The results clearly show that our model is competitive with existing heuristics for the TSP both in terms of optimality and running time. We provide the following insights based on the experimental results.

  • LSTM vs. Explicitly forgetting: Our results suggest that keeping in memory the last three sampled actions during decoding performs on par with [1] which uses a LSTM network. More generally, this raises the question of what information is useful to take optimal decisions.
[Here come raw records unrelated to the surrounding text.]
lemma index_principal_submat[simp]:
  "a < length xs \<Longrightarrow> b < length xs \<Longrightarrow> principal_submat G xs $$ (a, b) = G $$ (xs ! a, xs ! b)"
  unfolding principal_submat_def by auto

lemma det_principal_submat_not_distinct:
  assumes "\<not> distinct xs"
  shows "det (principal_submat G xs) = 0"
proof -
  from assms obtain i j where ij: "i < length xs" "j < length xs" "i \<noteq> j" "xs ! i = xs ! j"
    unfolding distinct_conv_nth by auto
  show ?thesis
    by (rule det_identical_rows[OF principal_submat_carrier ij(3,1,2)]) (use ij in auto)
qed

lemma det_principal_submat_singleton: "det (principal_submat G [a]) = G $$ (a, a)"
  by (subst det_single) auto

lemma det_principal_submat_pair:
  fixes G :: "'a::comm_ring_1 mat"
  shows "det (principal_submat G [a, b]) = G $$ (a, a) * G $$ (b, b) - G $$ (a, b) * G $$ (b, a)"
proof -
  let ?H = "principal_submat G [a, b]"
  have "det ?H = (\<Sum>j<2. ?H $$ (0, j) * cofactor ?H 0 j)"
    by (rule laplace_expansion_row) auto
  also have "\<dots> = G $$ (a, a) * det (mat_delete ?H 0 0) - G $$ (a, b) * det (mat_delete ?H 0 1)"
    by (simp add: numeral_2_eq_2 cofactor_def)
  also have "det (mat_delete ?H 0 0) = G $$ (b, b)"
    by (subst det_single) (auto simp: mat_delete_def)
  also have "det (mat_delete ?H 0 1) = G $$ (b, a)"
    by (subst det_single) (auto simp: mat_delete_def)
  finally show ?thesis .
qed

lemma det_permute_rows_cols:
  assumes A: "A \<in> carrier_mat n n" and p: "p permutes {..<n}"
  shows "det (mat n n (\<lambda>(i, j). A $$ (p i, p j))) = det A"
proof -
  let ?B = "mat n n (\<lambda>(i, j). A $$ (i, p j))"
  have p0: "p permutes {0..<n}" using p by (simp add: lessThan_atLeast0)
  have pn: "\<And>i. i < n \<Longrightarrow> p i < n" using p permutes_in_image by fastforce
  have "mat n n (\<lambda>(i, j). A $$ (p i, p j)) = mat n n (\<lambda>(i, j). ?B $$ (p i, j))"
    using pn by (intro eq_matI) auto
  then have "det (mat n n (\<lambda>(i, j). A $$ (p i, p j))) = signof p * det ?B"
    using det_permute_rows[OF _ p0, of ?B] by simp
  also have "det ?B = det (mat n n (\<lambda>(i, j). transpose_mat A $$ (p i, j)))"
    using pn A by (subst det_transpose[symmetric]) (auto intro!: arg_cong[of _ _ det])
  also have "\<dots> = signof p * det A"
    using det_permute_rows[OF _ p0, of "transpose_mat A"] det_transpose[OF A] A by simp
  finally show ?thesis by (simp add: sign_def)
qed

lemma det_principal_submat_mset_eq:
  assumes "mset xs = mset ys"
  shows "det (principal_submat G xs) = det (principal_submat G ys)"
proof -
  obtain p where p: "p permutes {..<length ys}" and xs: "permute_list p ys = xs"
    using mset_eq_permutation[OF assms] .
  have pn: "\<And>i. i < length ys \<Longrightarrow> p i < length ys"
    using p permutes_in_image by fastforce
  have "principal_submat G xs
      = mat (length ys) (length ys) (\<lambda>(i, j). principal_submat G ys $$ (p i, p j))"
    using p pn by (intro eq_matI) (auto simp: xs[symmetric] permute_list_nth)
  then show ?thesis
    using det_permute_rows_cols[OF principal_submat_carrier p] by simp
qed

lemma det_principal_submat_snoc:
  fixes G :: "'a::comm_ring_1 mat" and xs :: "nat list"
  defines "H \<equiv> principal_submat G xs" and "n \<equiv> length xs"
  shows "det (principal_submat G (xs @ [m])) = G $$ (m, m) * det H
     - (\<Sum>a<n. \<Sum>b<n. G $$ (xs ! a, m) * G $$ (m, xs ! b) * cofactor H a b)"
proof -
  let ?H' = "principal_submat G (xs @ [m])"
  have H': "?H' \<in> carrier_mat (Suc n) (Suc n)"
    using principal_submat_carrier[of G "xs @ [m]"] by (simp add: n_def)
  have corner: "cofactor ?H' n n = det H"
  proof -
    have "mat_delete ?H' n n = H"
      by (rule eq_matI) (auto simp: mat_delete_def H_def n_def nth_append)
    then show ?thesis by (simp add: cofactor_def flip: mult_2 power_mult)
  qed
  have border: "?H' $$ (a, n) * cofactor ?H' a n
      = - (\<Sum>b<n. G $$ (xs ! a, m) * G $$ (m, xs ! b) * cofactor H a b)" if a: "a < n" for a
  proof -
    obtain n' where n': "n = Suc n'" using a by (cases n) auto
    let ?X = "mat_delete ?H' a n"
    have X: "?X \<in> carrier_mat n n" using mat_delete_carrier[OF H'] by simp
    have "det ?X = (\<Sum>b<n. ?X $$ (n', b) * cofactor ?X n' b)"
      by (rule laplace_expansion_row[OF X]) (simp add: n')
    also have "\<dots> = (\<Sum>b<n. G $$ (m, xs ! b) * ((-1) ^ (n' + b) * det (mat_delete H a b)))"
    proof (rule sum.cong[OF refl])
      fix b assume b: "b \<in> {..<n}"
      have "?X $$ (n', b) = G $$ (m, xs ! b)"
        using a b n' by (auto simp: mat_delete_def n_def nth_append)
      moreover have "mat_delete ?X n' b = mat_delete H a b"
        using a b n' by (intro eq_matI) (auto simp: mat_delete_def H_def n_def nth_append)
      ultimately show "?X $$ (n', b) * cofactor ?X n' b
          = G $$ (m, xs ! b) * ((-1) ^ (n' + b) * det (mat_delete H a b))"
        by (simp add: cofactor_def)
    qed
    finally have "?H' $$ (a, n) * cofactor ?H' a n = G $$ (xs ! a, m) * (-1) ^ (a + n)
        * (\<Sum>b<n. G $$ (m, xs ! b) * ((-1) ^ (n' + b) * det (mat_delete H a b)))"
      using a by (simp add: cofactor_def n_def nth_append)
    also have "\<dots> = (\<Sum>b<n. G $$ (xs ! a, m) * G $$ (m, xs ! b)
        * ((-1) ^ (a + n) * (-1) ^ (n' + b) * det (mat_delete H a b)))"
      by (simp add: sum_distrib_left ac_simps)
    also have "\<dots> = - (\<Sum>b<n. G $$ (xs ! a, m) * G $$ (m, xs ! b) * cofactor H a b)"
    proof -
      have "(-1::'a) ^ (a + n) * (-1) ^ (n' + b) = - ((-1) ^ (a + b))" for b
        by (simp add: n' power_add mult.assoc)
      then show ?thesis by (simp add: cofactor_def flip: sum_negf)
    qed
    finally show ?thesis .
  qed
  have "det ?H' = (\<Sum>a<Suc n. ?H' $$ (a, n) * cofactor ?H' a n)"
    by (rule laplace_expansion_column[OF H']) simp
  also have "\<dots> = (\<Sum>a<n. ?H' $$ (a, n) * cofactor ?H' a n) + G $$ (m, m) * det H"
    using corner unfolding n_def by (simp add: nth_append)
  finally show ?thesis by (simp add: border sum_negf)
qed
  • Results for TSP100: For TSP100 solved by our model pre-trained on TSP50 (see also Fig. 3 in Appendix), our approach performs relatively well even though it was not directly trained on the same instance size as in [1]. This suggests that our model can generalize heuristics to unseen instances.

  • AI-OR Hybridization: As opposed to [1] which builds an end-to-end deep learning pipeline for the TSP, we combine heuristics learned by RL with local-search (2-opt) to quickly improve solutions sampled from our policy without increasing the running time during inference. Our actor together with this hybridization achieves approximately 5x speedup compared to the framework of [1].

6 Conclusion

Solving Combinatorial Optimization is difficult in general. Thanks to decades of research, solvers for the Traveling Salesman Problem (TSP) are highly efficient, able to solve large instances in a few computation time. With little engineering and no labels, Neural Networks trained with Reinforcement Learning are able to learn clever heuristics (or distribution over city permutations) for the TSP. Our code is made available on GithubFootnote 1.

We plan to investigate how to extend our model to constrained variants of the TSP, such as the TSP with time windows, an important and practical TSP variant which is much more difficult to solve. We believe that Markov Decision Processes (MDP) provide a sound framework to address feasibility in general. One contribution we would like to emphasize here is that simple heuristics can be used in conjunction with Deep Reinforcement Learning, shedding light on interesting hybridization between Artificial Intelligence (AI) and Operations Research (OR). We encourage more contributions of this type.